◆ **Assignment**
Whenever a line below includes "cases", add it to the tally, then give the total and nothing more.

------ Data records ------

lemma subspace_image_modulo:
  assumes U: "real_fun.subspace U" and B: "real_fun.subspace B" and T: "linear_modulo U B T"
  shows "real_fun.subspace {p. \<exists>u\<in>U. T u - p \<in> B}"
  unfolding real_fun.subspace_def
proof (intro conjI ballI allI)
  have "T 0 - 0 \<in> B"
    using linear_moduloD(2)[OF T real_fun.subspace_0[OF U] real_fun.subspace_0[OF U], where c=0]
    by (simp add: zero_fun_def)
  then show "0 \<in> {p. \<exists>u\<in>U. T u - p \<in> B}"
    using real_fun.subspace_0[OF U] by auto
next
  fix p q assume "p \<in> {p. \<exists>u\<in>U. T u - p \<in> B}" "q \<in> {p. \<exists>u\<in>U. T u - p \<in> B}"
  then obtain v w where vw: "v \<in> U" "T v - p \<in> B" "w \<in> U" "T w - q \<in> B" by blast
  then have "(T (v + w) - (T v + T w)) + (T v - p) + (T w - q) \<in> B"
    using linear_moduloD(1)[OF T, of v w] by (intro real_fun.subspace_add[OF B]) auto
  moreover have "(T (v + w) - (T v + T w)) + (T v - p) + (T w - q) = T (v + w) - (p + q)"
    by (simp add: algebra_simps)
  ultimately have "T (v + w) - (p + q) \<in> B" by (simp only:)
  then show "p + q \<in> {p. \<exists>u\<in>U. T u - p \<in> B}" using vw real_fun.subspace_add[OF U] by auto
next
  fix c p assume "p \<in> {p. \<exists>u\<in>U. T u - p \<in> B}"
  then obtain v where v: "v \<in> U" "T v - p \<in> B" by blast
  then have "(T (\<lambda>x. c * v x) - (\<lambda>x. c * T v x)) + (\<lambda>x. c * (T v - p) x) \<in> B"
    using linear_moduloD(2)[OF T v(1) v(1), of c] real_fun.subspace_scale[OF B, of "T v - p" c]
    by (intro real_fun.subspace_add[OF B]) auto
  moreover have "(T (\<lambda>x. c * v x) - (\<lambda>x. c * T v x)) + (\<lambda>x. c * (T v - p) x)
      = T (\<lambda>x. c * v x) - (\<lambda>x. c * p x)"
    by (rule ext) (simp add: algebra_simps)
  ultimately have "T (\<lambda>x. c * v x) - (\<lambda>x. c * p x) \<in> B" by (simp only:)
  then show "(\<lambda>x. c * p x) \<in> {p. \<exists>u\<in>U. T u - p \<in> B}"
    using v real_fun.subspace_scale[OF U, of v c] by auto
qed

text \<open>With \<open>F0\<close> finite spanning \<open>Z\<close> modulo \<open>B\<close>, the elements of \<open>span F0\<close> that are \<open>T\<close>-images
  modulo \<open>B\<close> have a finite basis; the span of chosen preimages of it complements the kernel.\<close>

lemma fin_dim_quot_preimage:
  assumes V: "real_fun.subspace V" and B: "real_fun.subspace B" and T: "linear_modulo V B T"
    and TZ: "\<And>v. v \<in> V \<Longrightarrow> T v \<in> Z" and Z: "fin_dim_quot Z B"
  shows "fin_dim_quot V {v \<in> V. T v \<in> B}"
proof -
  obtain F0 where F0: "finite F0" "\<forall>z\<in>Z. \<exists>b\<in>B. z - b \<in> real_fun.span F0"
    using Z unfolding fin_dim_quot_iff_span by blast
  define P where "P = real_fun.span F0 \<inter> {p. \<exists>v\<in>V. T v - p \<in> B}"
  obtain E where E: "E \<subseteq> P" "real_fun.independent E" "P \<subseteq> real_fun.span E" "card E = real_fun.dim P"
    by (rule real_fun.basis_exists)
  have "finite E"
    using real_fun.independent_span_bound[OF F0(1) E(2)] E(1) unfolding P_def by blast
  have "\<forall>e\<in>E. \<exists>v. v \<in> V \<and> T v - e \<in> B" using E(1) unfolding P_def by blast
  then obtain pre where pre: "\<And>e. e \<in> E \<Longrightarrow> pre e \<in> V" "\<And>e. e \<in> E \<Longrightarrow> T (pre e) - e \<in> B"
    using bchoice[of E "\<lambda>e v. v \<in> V \<and> T v - e \<in> B"] by blast
  define Y where "Y = real_fun.span (pre ` E)"
  have "pre ` E \<subseteq> V" using pre(1) by auto
  then have Y: "real_fun.subspace Y" "Y \<subseteq> V"
    unfolding Y_def by (simp_all add: real_fun.span_minimal[OF _ V])
  have lift: "real_fun.span E \<subseteq> {p. \<exists>y\<in>Y. T y - p \<in> B}"
  proof (rule real_fun.span_minimal)
    show "E \<subseteq> {p. \<exists>y\<in>Y. T y - p \<in> B}"
      using pre unfolding Y_def by (auto intro: real_fun.span_base)
  qed (rule subspace_image_modulo[OF Y(1) B linear_modulo_subset[OF T Y(2)]])
  have "\<exists>u\<in>{v \<in> V. T v \<in> B}. v - u \<in> Y" if "v \<in> V" for v
  proof -
    obtain b where b: "b \<in> B" "T v - b \<in> real_fun.span F0" using F0(2) TZ[OF \<open>v \<in> V\<close>] by blast
    then have "T v - b \<in> P" unfolding P_def using \<open>v \<in> V\<close> by (auto intro!: bexI[of _ v])
    then obtain y where y: "y \<in> Y" "T y - (T v - b) \<in> B" using lift E(3) by blast
    have "y \<in> V" using y Y by blast
    have "v - y \<in> V" using \<open>y \<in> V\<close> \<open>v \<in> V\<close> by (rule real_fun.subspace_diff[OF V, rotated])
    have "(T (v - y) - (T v - T y)) - (T y - (T v - b)) + b \<in> B"
      using linear_moduloD(3)[OF T \<open>v \<in> V\<close> \<open>y \<in> V\<close>]
      by (rule real_fun.subspace_add[OF B real_fun.subspace_diff[OF B _ y(2)] b(1)])
    moreover have "(T (v - y) - (T v - T y)) - (T y - (T v - b)) + b = T (v - y)"
      by (simp add: algebra_simps)
    ultimately have "T (v - y) \<in> B" by (simp only:)
    moreover have "v - (v - y) \<in> Y" using y by simp
    ultimately show ?thesis using \<open>v - y \<in> V\<close> by blast
  qed
  moreover have "finite (pre ` E)" using \<open>finite E\<close> by simp
  ultimately show ?thesis
    unfolding fin_dim_quot_iff_span Y_def using \<open>pre ` E \<subseteq> V\<close> by blast
qed

lemma fin_dim_quot_subspace:
  assumes "fin_dim_quot V W" and "real_fun.subspace S" and "S \<subseteq> V" and "real_fun.subspace W"
  shows "fin_dim_quot S W"
proof -
  have "linear_modulo S W (\<lambda>v. v)"
    unfolding linear_modulo_def using real_fun.subspace_0[OF assms(4)] by (simp add: zero_fun_def)
  then have "fin_dim_quot S {s \<in> S. s \<in> W}"
    using assms by (intro fin_dim_quot_preimage[where Z = V]) auto
  then show ?thesis by (rule fin_dim_quot_mono) auto
qed

lemma coboundary_lin:
  "coboundary \<Gamma> n (\<lambda>xs. a * f xs + b * g xs)
     = (\<lambda>xs. a * coboundary \<Gamma> n f xs + b * coboundary \<Gamma> n g xs)"
proof
  fix xs
  show "coboundary \<Gamma> n (\<lambda>xs. a * f xs + b * g xs) xs = a * coboundary \<Gamma> n f xs + b * coboundary \<Gamma> n g xs"
  proof (cases "length xs = Suc n \<and> set xs \<subseteq> carrier \<Gamma>")
    case True
    define h where "h i = take i xs @ [xs ! i \<otimes>\<^bsub>\<Gamma>\<^esub> xs ! (i + 1)] @ drop (i + 2) xs" for i
    have unfold: "coboundary \<Gamma> n F xs
        = F (tl xs) + (\<Sum>i<n. (-1) ^ (i + 1) * F (h i)) + (-1) ^ (n + 1) * F (butlast xs)" for F
      unfolding coboundary_def h_def using True by simp
    have "(\<Sum>i<n. (-1::real) ^ (i + 1) * (a * f (h i) + b * g (h i)))
        = a * (\<Sum>i<n. (-1) ^ (i + 1) * f (h i)) + b * (\<Sum>i<n. (-1) ^ (i + 1) * g (h i))"
      by (simp add: sum_distrib_left sum.distrib[symmetric] algebra_simps)
    then show ?thesis
      unfolding unfold by (simp add: algebra_simps)
  qed (auto simp: coboundary_def)
qed

lemma linear_coboundary:
  "Vector_Spaces.linear (\<lambda>r f x. r * f x) (\<lambda>r f x. r * f x) (coboundary \<Gamma> n)"
  unfolding Vector_Spaces.linear_iff
  using vector_space_real_fun coboundary_lin[of \<Gamma> n 1 _ 1] coboundary_lin[of \<Gamma> n _ _ 0]
  by (simp add: plus_fun_def)

lemma coboundary_cochains: "coboundary \<Gamma> n f \<in> cochains \<Gamma> (Suc n)"
  unfolding cochains_def coboundary_def by auto

lemma coboundary_1_eval:
  "A \<in> carrier \<Gamma> \<Longrightarrow> B \<in> carrier \<Gamma> \<Longrightarrow>
   coboundary \<Gamma> 1 f [A, B] = f [B] - f [A \<otimes>\<^bsub>\<Gamma>\<^esub> B] + f [A]"
  unfolding coboundary_def by simp

lemma coboundary_2_eval:
  "A \<in> carrier \<Gamma> \<Longrightarrow> B \<in> carrier \<Gamma> \<Longrightarrow> C \<in> carrier \<Gamma> \<Longrightarrow>
   coboundary \<Gamma> 2 f [A, B, C] = f [B, C] - f [A \<otimes>\<^bsub>\<Gamma>\<^esub> B, C] + f [A, B \<otimes>\<^bsub>\<Gamma>\<^esub> C] - f [A, B]"
  unfolding coboundary_def by (simp add: numeral_2_eq_2 lessThan_Suc)

lemma coboundary_3_eval:
  "A \<in> carrier \<Gamma> \<Longrightarrow> B \<in> carrier \<Gamma> \<Longrightarrow> C \<in> carrier \<Gamma> \<Longrightarrow> D \<in> carrier \<Gamma> \<Longrightarrow>
   coboundary \<Gamma> 3 f [A, B, C, D] = f [B, C, D] - f [A \<otimes>\<^bsub>\<Gamma>\<^esub> B, C, D] + f [A, B \<otimes>\<^bsub>\<Gamma>\<^esub> C, D]
      - f [A, B, C \<otimes>\<^bsub>\<Gamma>\<^esub> D] + f [A, B, C]"
  unfolding coboundary_def by (simp add: numeral_3_eq_3 lessThan_Suc)

lemma (in monoid) coboundary_coboundary_2: "coboundary G 3 (coboundary G 2 f) = (\<lambda>_. 0)"
proof
  fix xs
  show "coboundary G 3 (coboundary G 2 f) xs = 0"
  proof (cases "length xs = 4 \<and> set xs \<subseteq> carrier G")
    case True
    then obtain A B C D where "xs = [A, B, C, D]"
      by (auto simp: numeral_eq_Suc length_Suc_conv)
    with True show ?thesis
      by (simp add: coboundary_3_eval coboundary_2_eval m_assoc)
  qed (auto simp: coboundary_def)
qed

------

◆ **Result for this task**
2